(Dataset entries)
lemma
  assumes D: "prob_space D" and U: "potential D U" and z: "z \<in> space D"
    and inj: "inj_on e {..<n}" and e: "e ` {..<n} \<subseteq> J"
  shows measurable_marginal_reindex:
      "(\<lambda>\<omega>. marginal U z n (\<lambda>j. \<omega> (e j))) \<in> borel_measurable (PiM J (\<lambda>_. D))"
    and integrable_marginal_reindex:
      "integrable (PiM J (\<lambda>_. D)) (\<lambda>\<omega>. marginal U z n (\<lambda>j. \<omega> (e j)))"
    and integral_marginal_reindex:
      "(\<integral>\<omega>. marginal U z n (\<lambda>j. \<omega> (e j)) \<partial>PiM J (\<lambda>_. D)) = expected_marginal U D z n"
proof -
  note reindex = measurable_PiM_reindex integral_PiM_reindex
  note reindex = reindex[OF D inj e measurable_marginal[OF U z] marginal_cong]
  show measurable: "(\<lambda>\<omega>. marginal U z n (\<lambda>j. \<omega> (e j))) \<in> borel_measurable (PiM J (\<lambda>_. D))"
    by (rule reindex(1))
  show "(\<integral>\<omega>. marginal U z n (\<lambda>j. \<omega> (e j)) \<partial>PiM J (\<lambda>_. D)) = expected_marginal U D z n"
    unfolding expected_marginal_def by (rule reindex(2))
  interpret prob_space "PiM J (\<lambda>_. D)"
    using D by (intro prob_space_PiM) auto
  show "integrable (PiM J (\<lambda>_. D)) (\<lambda>\<omega>. marginal U z n (\<lambda>j. \<omega> (e j)))"
  proof (rule integrable_const_bound[where B = 1, OF AE_I2 measurable])
    fix \<omega> assume "\<omega> \<in> space (PiM J (\<lambda>_. D))"
    then have "\<omega> (e j) \<in> space D" if "j < n" for j
      using e that by (auto simp: space_PiM)
    then show "norm (marginal U z n (\<lambda>j. \<omega> (e j))) \<le> 1"
      using abs_marginal_le_1[OF U z] by simp
  qed
qed

lemma nths_map_upt_marginal:
  assumes "I \<subseteq> {..<n}"
  shows "U (nths (map f [0..<n]) I @ [z]) - U (nths (map f [0..<n]) I)
           = marginal U z (card I) (\<lambda>j. f (nths [0..<n] I ! j))"
proof -
  let ?L = "nths [0..<n] I"
  have "nths (map f [0..<n]) I = map f (map ((!) ?L) [0..<length ?L])"
    by (simp add: nths_map map_nth)
  also have "\<dots> = map (\<lambda>j. f (?L ! j)) [0..<card I]"
    using length_nths_upt[OF assms] by simp
  finally show ?thesis
    unfolding marginal_def by simp
qed

lemma
  assumes D: "prob_space D" and U: "potential D U" and z: "z \<in> space D"
    and I: "I \<subseteq> {..<n}"
  shows integrable_marginal_nths: "integrable (PiM {..<n} (\<lambda>_. D))
      (\<lambda>f. U (nths (map f [0..<n]) I @ [z]) - U (nths (map f [0..<n]) I))"
    and integral_marginal_nths: "(\<integral>f. U (nths (map f [0..<n]) I @ [z]) - U (nths (map f [0..<n]) I)
      \<partial>PiM {..<n} (\<lambda>_. D)) = expected_marginal U D z (card I)"
proof -
  let ?L = "nths [0..<n] I"
  have inj: "inj_on ((!) ?L) {..<card I}"
    using length_nths_upt[OF I] by (simp add: inj_on_def nth_eq_iff_index_eq)
  have image: "(!) ?L ` {..<card I} \<subseteq> {..<n}"
    using set_nths_upt[OF I] length_nths_upt[OF I] I by (auto dest!: nth_mem)
  note reindex = integrable_marginal_reindex integral_marginal_reindex
  note reindex = reindex[OF D U z inj image]
  show "integrable (PiM {..<n} (\<lambda>_. D))
      (\<lambda>f. U (nths (map f [0..<n]) I @ [z]) - U (nths (map f [0..<n]) I))"
    unfolding nths_map_upt_marginal[OF I] by (rule reindex(1))
  show "(\<integral>f. U (nths (map f [0..<n]) I @ [z]) - U (nths (map f [0..<n]) I)
      \<partial>PiM {..<n} (\<lambda>_. D)) = expected_marginal U D z (card I)"
    unfolding nths_map_upt_marginal[OF I] by (rule reindex(2))
qed

section \<open>The distributional Shapley value as a mean of expected marginals\<close>

lemma data_shapley_snoc:
  "data_shapley U (xs @ [z]) (length xs) =
     1 / real (Suc (length xs)) * (\<Sum>k\<in>{1..Suc (length xs)}.
       inverse (real (length xs choose (k - 1))) *
       (\<Sum>I | I \<subseteq> {..<length xs} \<and> card I = k - 1. U (nths xs I @ [z]) - U (nths xs I)))"
proof -
  have "{..<Suc (length xs)} - {length xs} = {..<length xs}"
    by auto
  moreover have "U (nths (xs @ [z]) I @ [(xs @ [z]) ! length xs]) - U (nths (xs @ [z]) I)
      = U (nths xs I @ [z]) - U (nths xs I)" if "I \<subseteq> {..<length xs}" for I
    using nths_append_singleton[OF that] by simp
  ultimately show ?thesis
    unfolding data_shapley_def Let_def by (auto intro!: sum.cong arg_cong2[where f = "(*)"])
qed

lemma dist_shapley_eq_mean_expected_marginal:
  assumes D: "prob_space D" and U: "potential D U" and z: "z \<in> space D" and m: "m \<ge> 1"
  shows "dist_shapley U D m z = (\<Sum>k\<in>{1..m}. expected_marginal U D z (k - 1)) / real m"
proof -
  define n where "n = m - 1"
  have m_eq: "m = Suc n"
    using m by (simp add: n_def)
  define S where "S k = {I. I \<subseteq> {..<n} \<and> card I = k - 1}" for k
  define \<Delta> where "\<Delta> I f = U (nths (map f [0..<n]) I @ [z]) - U (nths (map f [0..<n]) I)" for I f
  let ?M = "PiM {..<n} (\<lambda>_. D)"
  have card_S: "card (S k) = n choose (k - 1)" for k
    unfolding S_def using n_subsets[of "{..<n}" "k - 1"] by simp
  have integrable_block: "integrable ?M (\<lambda>f. \<Sum>I\<in>S k. \<Delta> I f)" for k
    unfolding \<Delta>_def S_def using integrable_marginal_nths[OF D U z] by auto
  have integral_block:
    "(\<integral>f. (\<Sum>I\<in>S k. \<Delta> I f) \<partial>?M) = real (n choose (k - 1)) * expected_marginal U D z (k - 1)"
    for k
  proof -
    have "(\<integral>f. (\<Sum>I\<in>S k. \<Delta> I f) \<partial>?M) = (\<Sum>I\<in>S k. (\<integral>f. \<Delta> I f \<partial>?M))"
      unfolding \<Delta>_def S_def using integrable_marginal_nths[OF D U z]
      by (intro Bochner_Integration.integral_sum) auto
    also have "\<dots> = (\<Sum>I\<in>S k. expected_marginal U D z (k - 1))"
      unfolding \<Delta>_def S_def using integral_marginal_nths[OF D U z] by (intro sum.cong) auto
    finally show ?thesis
      by (simp add: card_S)
  qed
  have "dist_shapley U D m z = (\<integral>f. 1 / real m * (\<Sum>k\<in>{1..m}.
      inverse (real (n choose (k - 1))) * (\<Sum>I\<in>S k. \<Delta> I f)) \<partial>?M)"
    unfolding dist_shapley_def S_def \<Delta>_def
    using data_shapley_snoc[of U "map _ [0..<n]" z] by (simp add: m_eq)
  also have "\<dots> = 1 / real m * (\<Sum>k\<in>{1..m}.
      inverse (real (n choose (k - 1))) * (\<integral>f. (\<Sum>I\<in>S k. \<Delta> I f) \<partial>?M))"
    using integrable_block by (simp add: Bochner_Integration.integral_sum)
  also have "\<dots> = 1 / real m * (\<Sum>k\<in>{1..m}. expected_marginal U D z (k - 1))"
    using m_eq by (intro arg_cong2[where f = "(*)"] sum.cong refl) (auto simp: integral_block)
  finally show ?thesis
    by simp
qed

section \<open>The Monte Carlo estimator\<close>

definition sample_blocks :: "nat \<Rightarrow> (nat \<Rightarrow> nat) \<Rightarrow> (nat \<times> nat) set" where
  "sample_blocks m Tk = Sigma {1..m} (\<lambda>k. {..<Tk k})"

definition sample_marginal ::
  "('z list \<Rightarrow> real) \<Rightarrow> 'z \<Rightarrow> nat \<times> nat \<Rightarrow> (nat \<times> nat \<times> nat \<Rightarrow> 'z) \<Rightarrow> real" where
  "sample_marginal U z p \<omega> = marginal U z (fst p - 1) (\<lambda>j. \<omega> (fst p, snd p, j))"

lemma shapley_estimator_eq_sum:
  "shapley_estimator U m T Tk w z \<omega> =
     (\<Sum>p\<in>sample_blocks m Tk. sample_marginal U z p \<omega> / (real T * (w (fst p) * real m)))"
proof -
  have "shapley_estimator U m T Tk w z \<omega> =
      (\<Sum>k\<in>{1..m}. \<Sum>t<Tk k. sample_marginal U z (k, t) \<omega> / (real T * (w k * real m)))"
    by (simp add: shapley_estimator_def sample_S_def sample_marginal_def marginal_def sum_distrib_left)
  then show ?thesis
    unfolding sample_blocks_def by (simp add: sum.Sigma split_beta)
qed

(Task goal)
A bare number is the whole answer: how many lines in the entries contain "inverse"?

(Exercise answer)
3